▶ Data section:

section \<open>Red degrees of quotient graphs\<close>

lemma quot_red_deg_label_partition_le:
  assumes "finite L" and u: "u \<in> V"
    and red: "\<And>u1 u2 w1 w2. \<lbrakk>u1 \<in> V; u2 \<in> V; w1 \<in> V; w2 \<in> V; f u1 = f u; f u2 = f u;
       f w1 = f w2; f w1 \<noteq> f u; {u1, w1} \<in> B; {u2, w2} \<notin> B\<rbrakk> \<Longrightarrow> f w1 \<in> L"
  shows "quot_red_deg B {} (label_partition V f) (label_class V f u) \<le> card L"
proof -
  let ?P = "label_partition V f"
  have "{W. quot_red_adj B {} ?P (label_class V f u) W} \<subseteq> (\<lambda>l. {v \<in> V. f v = l}) ` L"
  proof
    fix W assume "W \<in> {W. quot_red_adj B {} ?P (label_class V f u) W}"
    then have red_UW: "quot_red_adj B {} ?P (label_class V f u) W" by simp
    then obtain w where w: "w \<in> V" "W = label_class V f w"
      unfolding quot_red_adj_def label_partition_def by blast
    have "f w \<noteq> f u"
      using red_UW w label_class_eq_iff[OF u, of f w] unfolding quot_red_adj_def by auto
    moreover obtain u1 w1 u2 w2 where "u1 \<in> label_class V f u" "w1 \<in> W" "{u1, w1} \<in> B"
        "u2 \<in> label_class V f u" "w2 \<in> W" "{u2, w2} \<notin> B"
      using red_UW unfolding quot_red_adj_def by blast
    ultimately have "f w1 \<in> L" and "f w1 = f w"
      using red[of u1 u2 w1 w2] w unfolding label_class_def by auto
    then show "W \<in> (\<lambda>l. {v \<in> V. f v = l}) ` L" using w unfolding label_class_def by auto
  qed
  then have "quot_red_deg B {} ?P (label_class V f u) \<le> card ((\<lambda>l. {v \<in> V. f v = l}) ` L)"
    unfolding quot_red_deg_def using \<open>finite L\<close> by (intro card_mono) auto
  also have "\<dots> \<le> card L" using \<open>finite L\<close> by (rule card_image_le)
  finally show ?thesis .
qed

lemma max_red_deg_le:
  "finite P \<Longrightarrow> (\<And>U. U \<in> P \<Longrightarrow> quot_red_deg B R P U \<le> w) \<Longrightarrow> max_red_deg B R P \<le> w"
  unfolding max_red_deg_def by simp

lemma quot_red_deg_le_max_red_deg:
  "finite P \<Longrightarrow> U \<in> P \<Longrightarrow> quot_red_deg B R P U \<le> max_red_deg B R P"
  unfolding max_red_deg_def by (rule Max_ge) auto

lemma max_red_deg_single: "max_red_deg B R {V} = 0"
  unfolding max_red_deg_def quot_red_deg_def quot_red_adj_def by simp

lemma max_red_deg_eq_0:
  assumes P: "partition_on V P"
    and parts: "\<And>U. U \<in> P \<Longrightarrow> is_singleton U \<or> (\<forall>u\<in>U. \<forall>w\<in>V - U. {u, w} \<in> B)"
  shows "max_red_deg B {} P = 0"
proof -
  have no_red: "\<not> quot_red_adj B {} P U W" for U W
  proof
    assume red: "quot_red_adj B {} P U W"
    then have UW: "U \<in> P" "W \<in> P" "U \<noteq> W" unfolding quot_red_adj_def by auto
    then have WU: "W \<subseteq> V - U" and UW': "U \<subseteq> V - W"
      using P unfolding partition_on_def disjoint_def by auto
    consider "is_singleton U" "is_singleton W" | "\<forall>u\<in>U. \<forall>w\<in>V - U. {u, w} \<in> B"
      | "\<forall>w\<in>W. \<forall>u\<in>V - W. {w, u} \<in> B"
      using parts[OF UW(1)] parts[OF UW(2)] by blast
    then have "(\<forall>u\<in>U. \<forall>w\<in>W. {u, w} \<in> B) \<or> (\<forall>u\<in>U. \<forall>w\<in>W. {u, w} \<notin> B)"
    proof cases
      case 1
      then show ?thesis by (auto simp: is_singleton_def)
    next
      case 2
      then show ?thesis using WU by blast
    next
      case 3
      have "{u, w} \<in> B" if "u \<in> U" "w \<in> W" for u w
      proof -
        have "{w, u} \<in> B" using 3 UW' that by blast
        then show ?thesis by (simp add: insert_commute)
      qed
      then show ?thesis by blast
    qed
    then show False using red unfolding quot_red_adj_def by auto
  qed
  then have "quot_red_deg B {} P U = 0" for U
    unfolding quot_red_deg_def by (metis card.empty empty_Collect_eq)
  then show ?thesis unfolding max_red_deg_def by (simp add: image_constant_conv)
qed

lemma card_distinguishing_le_quot_red_deg:
  assumes "finite V"
  shows "card {w \<in> V - {u, v}. ({u, w} \<in> B) \<noteq> ({v, w} \<in> B)}
    \<le> quot_red_deg B {} (pair_partition V u v) {u, v}"
proof -
  let ?P = "pair_partition V u v" and ?D = "{w \<in> V - {u, v}. ({u, w} \<in> B) \<noteq> ({v, w} \<in> B)}"
  have "finite {W. quot_red_adj B {} ?P {u, v} W}"
    by (rule finite_subset[of _ ?P]) (auto simp: quot_red_adj_def pair_partition_def assms)
  moreover have "(\<lambda>w. {w}) ` ?D \<subseteq> {W. quot_red_adj B {} ?P {u, v} W}"
    unfolding quot_red_adj_def pair_partition_def by (auto simp: doubleton_eq_iff)
  ultimately have "card ((\<lambda>w. {w}) ` ?D) \<le> quot_red_deg B {} ?P {u, v}"
    unfolding quot_red_deg_def by (rule card_mono)
  then show ?thesis by (simp add: card_image)
qed

section \<open>Contraction sequences\<close>

lemma partition_on_merge_step:
  assumes P: "partition_on V P" and "merge_step P Q"
  shows "partition_on V Q"
proof -
  obtain U W where UW: "U \<in> P" "W \<in> P" "U \<noteq> W" and Q: "Q = insert (U \<union> W) (P - {U, W})"
    using \<open>merge_step P Q\<close> unfolding merge_step_def by blast
  have disj: "X \<inter> Y = {}" if "X \<in> P" "Y \<in> P" "X \<noteq> Y" for X Y
    using P that unfolding partition_on_def disjoint_def by blast
  show ?thesis
  proof (rule partition_onI)
    show "\<Union> Q = V" "{} \<notin> Q"
      using partition_onD1[OF P] partition_onD3[OF P] UW unfolding Q by auto
    show "disjnt X Y" if "X \<in> Q" "Y \<in> Q" "X \<noteq> Y" for X Y
      using that disj UW unfolding Q disjnt_def by auto
  qed
qed

lemma contraction_seqI:
  assumes "ps \<noteq> []" "hd ps = singleton_partition V" "successively merge_step ps"
    and "length ps = card V"
  shows "contraction_seq V ps"
proof -
  have "partition_on V (ps ! i)" if "i < length ps" for i
    using that
  proof (induction i)
    case 0
    then show ?case
      using assms(1,2) by (simp add: hd_conv_nth singleton_partition_def partition_on_singletons)
  next
    case (Suc i)
    then show ?case using successively_nth[OF assms(3)] by (auto intro: partition_on_merge_step)
  qed
  then show ?thesis
    using assms unfolding contraction_seq_def
    by (auto simp: in_set_conv_nth hd_conv_nth successively_conv_nth)
qed

lemma tww_le: "contraction_seq V ps \<Longrightarrow> tww V B R \<le> seq_width B R ps"
  unfolding tww_def by (rule Least_le) blast

lemma contraction_seq_second_eq_pair_partition:
  assumes cs: "contraction_seq V ps" and "2 \<le> card V"
  obtains u v where "u \<in> V" "v \<in> V" "u \<noteq> v" "ps ! 1 = pair_partition V u v"
proof -
  have "Suc 0 < length ps" using assms unfolding contraction_seq_def by simp
  then have "merge_step (ps ! 0) (ps ! Suc 0)" using cs unfolding contraction_seq_def by blast
  then obtain u v where "u \<in> V" "v \<in> V" "u \<noteq> v"
      "ps ! 1 = insert ({u} \<union> {v}) (singleton_partition V - {{u}, {v}})"
    using cs unfolding contraction_seq_def merge_step_def singleton_partition_def by auto
  moreover have "singleton_partition V - {{u}, {v}} = (\<lambda>x. {x}) ` (V - {u, v})"
    unfolding singleton_partition_def by auto
  ultimately show ?thesis
    using that unfolding pair_partition_def by (metis insert_is_Un insert_commute)
qed

lemma finite_pair_partition_degrees:
  "finite V \<Longrightarrow> finite {max_red_deg B R (pair_partition V u v) |u v. u \<in> V \<and> v \<in> V \<and> u \<noteq> v}"
  by (auto intro: finite_subset[of _ "(\<lambda>(u, v). max_red_deg B R (pair_partition V u v)) ` (V \<times> V)"])

lemma lb1_geI:
  assumes "finite V" "2 \<le> card V"
    and bound: "\<And>u v. u \<in> V \<Longrightarrow> v \<in> V \<Longrightarrow> u \<noteq> v \<Longrightarrow> k \<le> max_red_deg B R (pair_partition V u v)"
  shows "k \<le> lb1 V B R"
proof -
  have "\<exists>u\<in>V. \<exists>v\<in>V. u \<noteq> v" using assms(2) card_le_Suc0_iff_eq[OF assms(1)] by auto
  then have "{max_red_deg B R (pair_partition V u v) |u v. u \<in> V \<and> v \<in> V \<and> u \<noteq> v} \<noteq> {}"
    by blast
  then have "k \<le> Min {max_red_deg B R (pair_partition V u v) |u v. u \<in> V \<and> v \<in> V \<and> u \<noteq> v}"
    using finite_pair_partition_degrees[OF assms(1)] bound by (intro Min.boundedI) auto
  then show ?thesis using assms(2) unfolding lb1_def by simp
qed

lemma lb1_le_seq_width:
  assumes "finite V" and cs: "contraction_seq V ps"
  shows "lb1 V B R \<le> seq_width B R ps"
proof (cases "2 \<le> card V")
  case True
  then obtain u v where uv: "u \<in> V" "v \<in> V" "u \<noteq> v" "ps ! 1 = pair_partition V u v"
    using contraction_seq_second_eq_pair_partition[OF cs] by blast
  have "lb1 V B R \<le> max_red_deg B R (ps ! 1)"
    unfolding lb1_def uv(4) using True uv finite_pair_partition_degrees[OF \<open>finite V\<close>]
    by (auto intro: Min_le)
  also have "\<dots> \<le> seq_width B R ps"
    using cs True unfolding seq_width_def contraction_seq_def by (intro Max_ge) auto
  finally show ?thesis .
qed (simp add: lb1_def)

lemma lb1_le_tww:
  assumes "finite V" and "contraction_seq V ps"
  shows "lb1 V B R \<le> tww V B R"
proof -
  obtain qs where "contraction_seq V qs" "seq_width B R qs = tww V B R"
    using LeastI_ex[of "\<lambda>w. \<exists>ps. contraction_seq V ps \<and> seq_width B R ps = w"] assms(2)
    unfolding tww_def by blast
  then show ?thesis using lb1_le_seq_width[OF assms(1)] by metis
qed

section \<open>The Johnson graph\<close>

lemma mem_johnson_V_iff:
  "v \<in> johnson_V n \<longleftrightarrow> (\<exists>a b. v = {a, b} \<and> 1 \<le> a \<and> a < b \<and> b \<le> n)"
proof
  assume "v \<in> johnson_V n"
  then have "v \<subseteq> {1..n}" and "card v = 2" unfolding johnson_V_def by auto
  then obtain x y where xy: "v = {x, y}" "x < y" "x \<in> {1..n}" "y \<in> {1..n}"
    unfolding card_2_iff by (metis insert_commute insert_subset linorder_neqE_nat)
  then show "\<exists>a b. v = {a, b} \<and> 1 \<le> a \<and> a < b \<and> b \<le> n" by auto
qed (auto simp: johnson_V_def)

lemma doubleton_mem_johnson_V: "1 \<le> a \<Longrightarrow> a < b \<Longrightarrow> b \<le> n \<Longrightarrow> {a, b} \<in> johnson_V n"
  unfolding mem_johnson_V_iff by blast

lemma finite_johnson_V: "finite (johnson_V n)"
  unfolding johnson_V_def by (rule finite_subset[of _ "Pow {1..n}"]) auto

lemma card_johnson_V: "card (johnson_V n) = n choose 2"
  unfolding johnson_V_def using n_subsets[of "{1..n}" 2] by simp

lemma doubleton_mem_johnson_E_iff:
  "{u, w} \<in> johnson_E n \<longleftrightarrow> u \<in> johnson_V n \<and> w \<in> johnson_V n \<and> card (u \<inter> w) = 1"
  unfolding johnson_E_def by (auto simp: doubleton_eq_iff Int_commute)

definition pair_adj :: "nat \<Rightarrow> nat \<Rightarrow> nat \<Rightarrow> nat \<Rightarrow> bool" where
  "pair_adj a b c d \<longleftrightarrow> (a = c \<or> a = d \<or> b = c \<or> b = d) \<and> \<not> (a = c \<and> b = d)"

lemma doubletons_mem_johnson_E_iff_pair_adj:
  assumes "{a, b} \<in> johnson_V n" "{c, d} \<in> johnson_V n" "a < b" "c < d"
  shows "{{a, b}, {c, d}} \<in> johnson_E n \<longleftrightarrow> pair_adj a b c d"
  using assms unfolding doubleton_mem_johnson_E_iff pair_adj_def
  by (cases "a = c"; cases "a = d"; cases "b = c"; cases "b = d")
    (auto simp: Int_insert_left Int_insert_right)

lemma card_symdiff_mult_card_outside_ge:
  assumes "5 \<le> n" "u \<in> johnson_V n" "v \<in> johnson_V n" "u \<noteq> v"
  shows "2 * (n - 3) \<le> card (sym_diff u v) * card ({1..n} - (u \<union> v))"
proof -
  have u: "u \<subseteq> {1..n}" "card u = 2" "finite u" and v: "v \<subseteq> {1..n}" "card v = 2" "finite v"
    using assms(2,3) unfolding johnson_V_def by (auto intro: finite_subset)
  define k where "k = card (u \<inter> v)"
  have "k \<le> 2" using card_mono[OF u(3), of "u \<inter> v"] u unfolding k_def by simp
  moreover have "k \<noteq> 2"
  proof
    assume "k = 2"
    then have "u \<inter> v = u" "u \<inter> v = v"
      using card_subset_eq[OF u(3), of "u \<inter> v"] card_subset_eq[OF v(3), of "u \<inter> v"] u v
      unfolding k_def by auto
    then show False using \<open>u \<noteq> v\<close> by simp
  qed
  ultimately have k: "k \<le> 1" by simp
  have "card (u - v) = 2 - k" "card (v - u) = 2 - k"
    using card_Diff_subset_Int[of u v] card_Diff_subset_Int[of v u] u v
    unfolding k_def by (simp_all add: Int_commute)
  then have sym: "card (sym_diff u v) = 4 - 2 * k"
    using u v k by (subst card_Un_disjoint) auto
  have "card (u \<union> v) = 4 - k" using card_Un_Int[OF u(3) v(3)] u v k unfolding k_def by simp
  then have out: "card ({1..n} - (u \<union> v)) = n - (4 - k)"
    using u v by (subst card_Diff_subset) auto
  show ?thesis using k assms(1) unfolding sym out by (cases k) auto
qed

lemma card_johnson_distinguishing_ge:
  assumes "5 \<le> n" "u \<in> johnson_V n" "v \<in> johnson_V n" "u \<noteq> v"
  shows "2 * (n - 3)
    \<le> card {w \<in> johnson_V n - {u, v}. ({u, w} \<in> johnson_E n) \<noteq> ({v, w} \<in> johnson_E n)}"
    (is "_ \<le> card ?D")
proof -
  let ?S = "sym_diff u v" and ?T = "{1..n} - (u \<union> v)" and ?pair = "\<lambda>(p, t). {p, t}"
  have "inj_on ?pair (?S \<times> ?T)"
    unfolding inj_on_def by (auto simp: doubleton_eq_iff)
  then have "card (?S \<times> ?T) = card (?pair ` (?S \<times> ?T))" by (rule card_image[symmetric])
  also have "\<dots> \<le> card ?D"
  proof (rule card_mono)
    show "finite ?D" using finite_johnson_V by simp
    have uv: "u \<subseteq> {1..n}" "v \<subseteq> {1..n}" using assms(2,3) unfolding johnson_V_def by auto
    show "?pair ` (?S \<times> ?T) \<subseteq> ?D"
    proof
      fix w assume "w \<in> ?pair ` (?S \<times> ?T)"
      then obtain p t where p: "p \<in> ?S" and t: "t \<in> ?T" and w_eq: "w = {p, t}" by blast
      then have "p \<in> {1..n}" "p \<noteq> t" using uv by auto
      then have w: "{p, t} \<in> johnson_V n" using t unfolding johnson_V_def by auto
      have "{p, t} \<noteq> u" "{p, t} \<noteq> v" using t by auto
      moreover consider "p \<in> u" "p \<notin> v" | "p \<in> v" "p \<notin> u" using p by auto
      then have "card (u \<inter> {p, t}) = 1 \<longleftrightarrow> card (v \<inter> {p, t}) \<noteq> 1"
      proof cases
        case 1
        then have "u \<inter> {p, t} = {p}" "v \<inter> {p, t} = {}" using t by auto
        then show ?thesis by simp
      next
        case 2
        then have "u \<inter> {p, t} = {}" "v \<inter> {p, t} = {p}" using t by auto
        then show ?thesis by simp
      qed
      ultimately show "w \<in> ?D"
        using w assms(2,3) unfolding w_eq by (simp add: doubleton_mem_johnson_E_iff)
    qed
  qed
  finally show ?thesis
    using card_symdiff_mult_card_outside_ge[OF assms] by (simp add: card_cartesian_product)
qed
lemma s_max_ge_walk_index:
  assumes "a1 \<ge> 1" "a2 \<ge> 1" "k \<ge> 1" "walk \<alpha> \<beta> a1 a2 k = n"
  shows "ereal (real k) \<le> s_max \<alpha> \<beta> n"
proof -
  have "ereal (real k) \<le> s_walk \<alpha> \<beta> n a1 a2"
    unfolding s_walk_def using assms(3,4) by (intro Sup_upper imageI) simp
  also have "\<dots> \<le> s_max \<alpha> \<beta> n"
    unfolding s_max_def using assms(1,2) by (intro Sup_upper) blast
  finally show ?thesis .
qed

theorem lemma3p2:
  fixes \<alpha> \<beta> :: int and t :: nat
  assumes "\<alpha> > 0" and "\<beta> > 0" and "coprime \<alpha> \<beta>" and "t \<ge> 2"
  defines "n_t \<equiv> \<beta> * gseq \<alpha> \<beta> t * gseq \<alpha> \<beta> (t + 1)"
    and "a_t \<equiv> (\<beta> - 1) * gseq \<alpha> \<beta> (t + 1) + \<alpha> * gseq \<alpha> \<beta> t"
    and "b_t \<equiv> gseq \<alpha> \<beta> t"
  shows "s_max \<alpha> \<beta> n_t > 2 \<and> a_of \<alpha> \<beta> n_t = a_t \<and> b_of \<alpha> \<beta> n_t = b_t \<and> t_of \<alpha> \<beta> n_t = t"
proof -
  have cond: "abt_cond \<alpha> \<beta> n_t a_t b_t t"
    unfolding n_t_def a_t_def b_t_def using abt_cond_gseq_product[OF assms(1-4)] .
  have abt_eq: "abt \<alpha> \<beta> n_t = (a_t, b_t, t)"
  proof (rule abt_eqI[OF cond])
    fix a b s
    assume "abt_cond \<alpha> \<beta> n_t a b s"
    then show "a = a_t \<and> b = b_t \<and> s = t"
      using abt_cond_gseq_product_unique[OF assms(1-3)] assms(4) by (simp add: n_t_def a_t_def b_t_def)
  qed
  have walk: "walk \<alpha> \<beta> b_t a_t (t + 1) = n_t"
    using assms(4) walk_eq_gseq[of \<alpha> \<beta> b_t a_t "t - 1"] gseq_Suc_eq[of t \<alpha> \<beta>]
    unfolding n_t_def a_t_def b_t_def by (simp add: algebra_simps)
  have "(2::ereal) < ereal (real (t + 1))"
    using assms(4) by simp
  also have "\<dots> \<le> s_max \<alpha> \<beta> n_t"
    using walk cond unfolding abt_cond_def by (intro s_max_ge_walk_index) auto
  finally have "s_max \<alpha> \<beta> n_t > 2" .
  with abt_eq show ?thesis
    unfolding a_of_def b_of_def t_of_def by simp
qed

end
lemma l2norm_mono:
  assumes "\<And>v. norm (\<Phi> v) \<le> norm (\<Psi> v)" and "finite {v. \<Psi> v \<noteq> 0}"
  shows "l2norm \<Phi> \<le> l2norm \<Psi>"
proof -
  have "\<Psi> v \<noteq> 0" if "\<Phi> v \<noteq> 0" for v
    using assms(1)[of v] that by (metis norm_eq_zero norm_ge_zero order_antisym)
  then have "{v. (norm (\<Phi> v))\<^sup>2 \<noteq> 0} \<subseteq> {v. \<Psi> v \<noteq> 0}"
    by auto
  then have "(\<lambda>v. (norm (\<Phi> v))\<^sup>2) summable_on UNIV"
    using assms(2) by (intro summable_on_finite_support) (rule finite_subset)
  moreover have "(\<lambda>v. (norm (\<Psi> v))\<^sup>2) summable_on UNIV"
    using assms(2) by (intro summable_on_finite_support) simp
  ultimately have "(\<Sum>\<^sub>\<infinity>v. (norm (\<Phi> v))\<^sup>2) \<le> (\<Sum>\<^sub>\<infinity>v. (norm (\<Psi> v))\<^sup>2)"
    by (rule infsum_mono) (simp add: assms(1) power_mono)
  then show ?thesis
    unfolding l2norm_def by (rule real_sqrt_le_mono)
qed

lemma l2norm_scaled_mono:
  assumes "\<And>v. norm (\<Phi> v) \<le> C * norm (\<Psi> v)" and "0 \<le> C" and "finite {v. \<Psi> v \<noteq> 0}"
  shows "l2norm \<Phi> \<le> C * l2norm \<Psi>"
proof -
  have "l2norm \<Phi> \<le> l2norm (\<lambda>v. C *\<^sub>R \<Psi> v)"
    using assms by (intro l2norm_mono) (auto elim: finite_subset[rotated])
  also have "\<dots> = C * l2norm \<Psi>"
    using assms(2,3)
    by (simp add: l2norm_def power_mult_distrib infsum_cmult_right summable_on_finite_support
        real_sqrt_mult)
  finally show ?thesis .
qed

lemma l2norm_Cons_reindex:
  assumes "\<And>v. v \<notin> range (Cons a) \<Longrightarrow> \<Phi> v = 0"
  shows "l2norm \<Phi> = l2norm (\<lambda>\<nu>. \<Phi> (a # \<nu>))"
  unfolding l2norm_def using assms by (subst infsum_reindex_Cons[of a]) auto

lemma l2norm_Cons_restrict_le:
  assumes "finite {v. \<Phi> v \<noteq> 0}"
  shows "l2norm (\<lambda>\<nu>. \<Phi> (a # \<nu>)) \<le> l2norm \<Phi>"
proof -
  have "l2norm (\<lambda>\<nu>. \<Phi> (a # \<nu>)) = l2norm (\<lambda>v. if v \<in> range (Cons a) then \<Phi> v else 0)"
    by (subst l2norm_Cons_reindex[of a]) auto
  also have "\<dots> \<le> l2norm \<Phi>"
    using assms by (intro l2norm_mono) auto
  finally show ?thesis .
qed

subsection \<open>Creation and annihilation operators\<close>

definition creation :: "nat \<Rightarrow> (nat \<Rightarrow> nat \<Rightarrow> nat) \<Rightarrow> nat \<Rightarrow> (nat list \<Rightarrow> 'a::zero) \<Rightarrow> nat list \<Rightarrow> 'a" where
  "creation N A i \<Phi> \<mu> = (if \<mu> \<in> adm_words N A \<and> \<mu> \<noteq> [] \<and> hd \<mu> = i then \<Phi> (tl \<mu>) else 0)"

definition annihilation :: "nat \<Rightarrow> (nat \<Rightarrow> nat \<Rightarrow> nat) \<Rightarrow> nat \<Rightarrow> (nat list \<Rightarrow> 'a::zero) \<Rightarrow> nat list \<Rightarrow> 'a" where
  "annihilation N A i \<Psi> \<nu> = (if i # \<nu> \<in> adm_words N A then \<Psi> (i # \<nu>) else 0)"

lemma creation_Nil [simp]: "creation N A i \<Phi> [] = 0"
  by (simp add: creation_def)

lemma creation_Cons [simp]:
  "creation N A i \<Phi> (a # \<nu>) = (if a = i \<and> a # \<nu> \<in> adm_words N A then \<Phi> \<nu> else 0)"
  by (auto simp: creation_def)

lemma creation_eq_0_off_Cons: "\<mu> \<notin> range (Cons i) \<Longrightarrow> creation N A i \<Phi> \<mu> = 0"
  by (cases \<mu>) auto

lemma creation_delta: "i # \<nu> \<in> adm_words N A \<Longrightarrow> creation N A i (delta \<nu> p) = delta (i # \<nu>) p"
proof
  fix \<mu>
  assume "i # \<nu> \<in> adm_words N A"
  then show "creation N A i (delta \<nu> p) \<mu> = delta (i # \<nu>) p \<mu>"
    by (cases \<mu>) (auto simp: delta_def)
qed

▶ Assignment:
Only the count is needed: the number of lines in the data that include the word "also".

▶ Response for this exercise:
7